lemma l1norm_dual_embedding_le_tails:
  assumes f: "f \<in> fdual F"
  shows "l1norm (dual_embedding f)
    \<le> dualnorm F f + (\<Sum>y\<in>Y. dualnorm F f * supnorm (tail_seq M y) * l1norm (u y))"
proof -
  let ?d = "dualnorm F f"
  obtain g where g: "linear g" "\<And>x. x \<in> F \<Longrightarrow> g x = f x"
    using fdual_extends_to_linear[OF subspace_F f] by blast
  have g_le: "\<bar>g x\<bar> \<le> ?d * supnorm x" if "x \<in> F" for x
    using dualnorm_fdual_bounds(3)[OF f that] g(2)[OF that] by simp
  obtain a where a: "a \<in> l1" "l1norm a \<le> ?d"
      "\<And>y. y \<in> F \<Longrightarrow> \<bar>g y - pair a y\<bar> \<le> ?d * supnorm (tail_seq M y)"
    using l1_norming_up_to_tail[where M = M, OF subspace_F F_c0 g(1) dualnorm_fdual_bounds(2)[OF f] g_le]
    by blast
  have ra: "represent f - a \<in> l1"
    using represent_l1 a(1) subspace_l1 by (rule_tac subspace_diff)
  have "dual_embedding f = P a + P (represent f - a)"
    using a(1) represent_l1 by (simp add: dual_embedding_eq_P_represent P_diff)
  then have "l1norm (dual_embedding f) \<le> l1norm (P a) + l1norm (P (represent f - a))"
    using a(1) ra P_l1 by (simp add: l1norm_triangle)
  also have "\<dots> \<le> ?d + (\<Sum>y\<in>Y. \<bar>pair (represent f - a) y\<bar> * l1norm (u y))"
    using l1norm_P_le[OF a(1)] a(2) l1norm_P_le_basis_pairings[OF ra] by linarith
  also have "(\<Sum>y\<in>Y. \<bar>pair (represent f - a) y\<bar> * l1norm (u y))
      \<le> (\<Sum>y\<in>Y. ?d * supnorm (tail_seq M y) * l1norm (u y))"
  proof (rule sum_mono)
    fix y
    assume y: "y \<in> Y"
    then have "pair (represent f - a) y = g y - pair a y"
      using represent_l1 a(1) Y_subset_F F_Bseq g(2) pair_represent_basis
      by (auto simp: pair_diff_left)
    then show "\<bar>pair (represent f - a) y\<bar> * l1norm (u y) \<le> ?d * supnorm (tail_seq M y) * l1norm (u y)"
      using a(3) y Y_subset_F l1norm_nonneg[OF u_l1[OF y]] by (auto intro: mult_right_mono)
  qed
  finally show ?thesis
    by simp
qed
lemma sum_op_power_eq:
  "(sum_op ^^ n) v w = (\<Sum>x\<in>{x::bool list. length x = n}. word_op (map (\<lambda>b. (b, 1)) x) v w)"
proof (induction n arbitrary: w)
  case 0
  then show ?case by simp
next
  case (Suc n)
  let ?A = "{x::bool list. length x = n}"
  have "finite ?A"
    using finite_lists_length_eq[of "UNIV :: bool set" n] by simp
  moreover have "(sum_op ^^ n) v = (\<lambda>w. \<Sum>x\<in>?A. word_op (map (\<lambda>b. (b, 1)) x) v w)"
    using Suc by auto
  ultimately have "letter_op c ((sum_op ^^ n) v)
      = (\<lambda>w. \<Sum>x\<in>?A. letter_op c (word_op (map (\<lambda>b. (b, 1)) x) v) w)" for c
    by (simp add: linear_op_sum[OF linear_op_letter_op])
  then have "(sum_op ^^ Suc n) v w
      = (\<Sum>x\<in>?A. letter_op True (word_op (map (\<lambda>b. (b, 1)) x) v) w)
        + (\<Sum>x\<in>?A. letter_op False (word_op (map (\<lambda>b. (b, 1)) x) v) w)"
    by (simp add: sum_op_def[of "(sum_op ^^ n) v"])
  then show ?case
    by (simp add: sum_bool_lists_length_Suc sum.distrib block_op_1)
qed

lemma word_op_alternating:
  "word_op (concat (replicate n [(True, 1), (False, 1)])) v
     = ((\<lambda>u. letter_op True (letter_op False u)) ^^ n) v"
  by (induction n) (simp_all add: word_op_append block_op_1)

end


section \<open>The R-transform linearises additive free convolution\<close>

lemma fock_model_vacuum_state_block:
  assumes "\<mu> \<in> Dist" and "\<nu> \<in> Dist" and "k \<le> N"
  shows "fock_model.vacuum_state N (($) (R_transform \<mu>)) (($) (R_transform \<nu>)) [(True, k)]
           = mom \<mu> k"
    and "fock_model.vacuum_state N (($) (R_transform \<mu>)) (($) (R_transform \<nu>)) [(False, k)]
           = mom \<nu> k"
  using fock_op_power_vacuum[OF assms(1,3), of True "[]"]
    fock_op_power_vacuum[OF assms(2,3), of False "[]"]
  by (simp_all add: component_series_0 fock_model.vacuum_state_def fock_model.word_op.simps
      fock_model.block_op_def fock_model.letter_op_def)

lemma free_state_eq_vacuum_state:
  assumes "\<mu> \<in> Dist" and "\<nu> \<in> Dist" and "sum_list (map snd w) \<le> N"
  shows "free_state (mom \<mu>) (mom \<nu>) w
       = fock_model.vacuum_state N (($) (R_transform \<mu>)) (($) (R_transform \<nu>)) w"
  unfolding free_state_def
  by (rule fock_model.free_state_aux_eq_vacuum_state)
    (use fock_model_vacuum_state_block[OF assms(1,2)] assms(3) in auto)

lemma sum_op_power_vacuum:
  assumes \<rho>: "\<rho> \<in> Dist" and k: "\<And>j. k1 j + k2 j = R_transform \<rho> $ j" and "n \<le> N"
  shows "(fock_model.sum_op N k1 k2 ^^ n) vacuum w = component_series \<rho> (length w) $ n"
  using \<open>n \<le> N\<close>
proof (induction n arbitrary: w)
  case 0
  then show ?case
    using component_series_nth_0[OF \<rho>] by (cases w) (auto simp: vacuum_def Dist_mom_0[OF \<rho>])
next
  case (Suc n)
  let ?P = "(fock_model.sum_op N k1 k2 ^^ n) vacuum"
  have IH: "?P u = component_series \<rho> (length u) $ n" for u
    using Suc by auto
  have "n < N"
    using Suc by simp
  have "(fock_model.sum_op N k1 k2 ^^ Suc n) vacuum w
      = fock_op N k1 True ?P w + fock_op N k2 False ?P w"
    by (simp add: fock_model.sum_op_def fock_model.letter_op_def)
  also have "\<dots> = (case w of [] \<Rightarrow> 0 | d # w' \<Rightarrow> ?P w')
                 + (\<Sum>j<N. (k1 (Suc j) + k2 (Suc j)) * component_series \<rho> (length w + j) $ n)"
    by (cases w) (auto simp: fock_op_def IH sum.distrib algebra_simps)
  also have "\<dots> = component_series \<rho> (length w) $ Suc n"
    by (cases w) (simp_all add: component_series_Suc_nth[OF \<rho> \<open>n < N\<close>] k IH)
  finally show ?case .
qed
################
● Activity
Looking at the listing above, count every line in which the string "then" appears, and give only that count.

● Answer space
7